And Cantril chose to interpret as ‘panicked’ those who said they had been either ‘frightened,’ or ‘disturbed,’ or ‘excited’ by the CBS broadcast.
With this methodology, any suspenseful drama can be ‘shown’ to have caused a ‘mass panic.’
The culturally celebrated research volume that Cantril authored, The Invasion from Mars: A Study in the Psychology of Panic (1940), became the authoritative voice for others to cite, going forward.
“[Cantril’s] scholarly book validated the popular memory of the event. He gave academic credence to the panic … He remains the only source with academic legitimacy who claims there was a sizable panic.

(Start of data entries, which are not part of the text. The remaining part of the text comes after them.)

(* Let $\mathcal{R}$ be the Ramond-Block algebra with parameter $q\in\mathbb{C}^*$. Let $\lambda,\mu\in\mathbb{C}^*$ and $a,a',b,b'\in\mathbb{C}$. Then: (1) the $\mathbb{Z}_2$-graded space $\Omega_{\mathcal{R}}(\lambda,a,b)=\mathbb{C}[t^2]\oplus t\mathbb{C}[t^2]$ with the action described in the context is an $\mathcal{R}$-module; (2) $\Omega_{\mathcal{R}}(\lambda,a,b)$ is simple if and only if $a\neq 0$ or $b\neq 0$; (3) $\Omega_{\mathcal{R}}(\lambda,a,b)\cong\Omega_{\mathcal{R}}(\mu,a',b')$ as $\mathcal{R}$-modules if and only if $\lambda=\mu$, $a=a'$ and $b=b'$; (4) any $\mathcal{R}$-module which is free of rank $1$ as a $U(\eta)$-module, where $\eta=\mathbb{C}L_{0,0}\oplus\mathbb{C}G_{0,0}$, is isomorphic to $\Omega_{\mathcal{R}}(\lambda,a,b)$ for some $\lambda\in\mathbb{C}^*$ and $a,b\in\mathbb{C}$.
   Context: Fix $q\in\mathbb{C}^*$. The Ramond-Block algebra $\mathcal{R}$ is the Lie superalgebra over $\mathbb{C}$ whose even part has basis $\{L_{m,i}\mid m\in\mathbb{Z}, i\in\mathbb{Z}_+\}$ and whose odd part has basis $\{G_{l,j}\mid l\in\mathbb{Z}, j\in\mathbb{Z}_+\}$ (here $\mathbb{Z}_+=\{0,1,2,\dots\}$), with brackets $[L_{m,i},L_{n,j}]=(n(i+q)-m(j+q))L_{m+n,i+j}$, $[L_{m,i},G_{l,j}]=(l(i+q)-m(j+\frac{q}{2}))G_{m+l,i+j}$, $[G_{l,i},G_{r,j}]=2qL_{l+r,i+j}$. All modules are supermodules (odd elements shift parity). $U(\eta)$ is the universal enveloping algebra of $\eta$. For $\lambda\in\mathbb{C}^*$, $a,b\in\mathbb{C}$, $\Omega_{\mathcal{R}}(\lambda,a,b)=\mathbb{C}[t^2]\oplus t\mathbb{C}[t^2]$ has even part $\mathbb{C}[t^2]$ and odd part $t\mathbb{C}[t^2]$, with action, for $f\in\mathbb{C}[t^2]$, $m\in\mathbb{Z}$, $i\in\mathbb{Z}_+$ ($\delta$ the Kronecker delta): $L_{m,i}f(t^2)=\lambda^m(\delta_{i,0}(t^2-mqa)+\delta_{q,-1}\delta_{i,1}b)f(t^2-mq)$, $L_{m,i}tf(t^2)=\lambda^m t(\delta_{i,0}(t^2-mqa-\frac{mq}{2})+\delta_{q,-1}\delta_{i,1}b)f(t^2-mq)$, $G_{m,i}f(t^2)=\lambda^m\delta_{i,0}tf(t^2-mq)$, $G_{m,i}tf(t^2)=q\lambda^m(\delta_{i,0}(t^2-2mqa)+2\delta_{q,-1}\delta_{i,1}b)f(t^2-mq)$. *)

theory Defs
  imports "HOL-Computational_Algebra.Polynomial" "HOL-Library.Product_Plus" Complex_Main
begin

datatype rb_basis = L int nat | G int nat

definition cvs :: "(complex \<Rightarrow> 'v::ab_group_add \<Rightarrow> 'v) \<Rightarrow> bool" where
  "cvs smul \<longleftrightarrow>
     (\<forall>c x y. smul c (x + y) = smul c x + smul c y) \<and>
     (\<forall>c d x. smul (c + d) x = smul c x + smul d x) \<and>
     (\<forall>c d x. smul c (smul d x) = smul (c * d) x) \<and>
     (\<forall>x. smul 1 x = x)"

definition subspace_of :: "(complex \<Rightarrow> 'v::ab_group_add \<Rightarrow> 'v) \<Rightarrow> 'v set \<Rightarrow> bool" where
  "subspace_of smul W \<longleftrightarrow> 0 \<in> W \<and> (\<forall>x\<in>W. \<forall>y\<in>W. x + y \<in> W) \<and> (\<forall>c. \<forall>x\<in>W. smul c x \<in> W)"

definition super_vs :: "(complex \<Rightarrow> 'v::ab_group_add \<Rightarrow> 'v) \<Rightarrow> 'v set \<Rightarrow> 'v set \<Rightarrow> bool" where
  "super_vs smul V0 V1 \<longleftrightarrow> cvs smul \<and> subspace_of smul V0 \<and> subspace_of smul V1 \<and>
     V0 \<inter> V1 = {0} \<and> (\<forall>x. \<exists>x0\<in>V0. \<exists>x1\<in>V1. x = x0 + x1)"

definition clinear_map :: "(complex \<Rightarrow> 'v::ab_group_add \<Rightarrow> 'v) \<Rightarrow> (complex \<Rightarrow> 'w::ab_group_add \<Rightarrow> 'w)
     \<Rightarrow> ('v \<Rightarrow> 'w) \<Rightarrow> bool" where
  "clinear_map smul smul' f \<longleftrightarrow> (\<forall>x y. f (x + y) = f x + f y) \<and> (\<forall>c x. f (smul c x) = smul' c (f x))"

definition cLL :: "complex \<Rightarrow> int \<Rightarrow> nat \<Rightarrow> int \<Rightarrow> nat \<Rightarrow> complex" where
  "cLL q m i n j = of_int n * (of_nat i + q) - of_int m * (of_nat j + q)"

definition cLG :: "complex \<Rightarrow> int \<Rightarrow> nat \<Rightarrow> int \<Rightarrow> nat \<Rightarrow> complex" where
  "cLG q m i l j = of_int l * (of_nat i + q) - of_int m * (of_nat j + q / 2)"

Without this validation, the myth likely would not be in social psychology and mass communication textbooks, as it still is today—pretty much every high schooler and liberal arts undergraduate runs across it at some point. … Though you may have never heard of Cantril, the War of the Worlds myth is very much his legacy.”7
No mass con can succeed without Science
Cantril’s centrality to this con makes an interesting point about the Fourth Estate.
The press is often called ‘the Fourth Estate’—a fourth institutional branch of democracy to balance the executive, the legislative, and the judiciary. As Thomas Carlyle said in the 19th c., musing on the Fourth Estate’s power: “the requisite thing is that [one] have a tongue which others will listen to.”8
Scientists have such a tongue. They create reality every time we passively accept reports in the media about what ‘scientists say,’ or what ‘scientists have shown,’ or what ‘scientists have found’ and make such understandings the background for our worldview and democratic discussions. The claim of a scientific consensus on the hypothesis of anthropogenic (human-caused) global warming, for example, has had profound political and economic effects all around the world.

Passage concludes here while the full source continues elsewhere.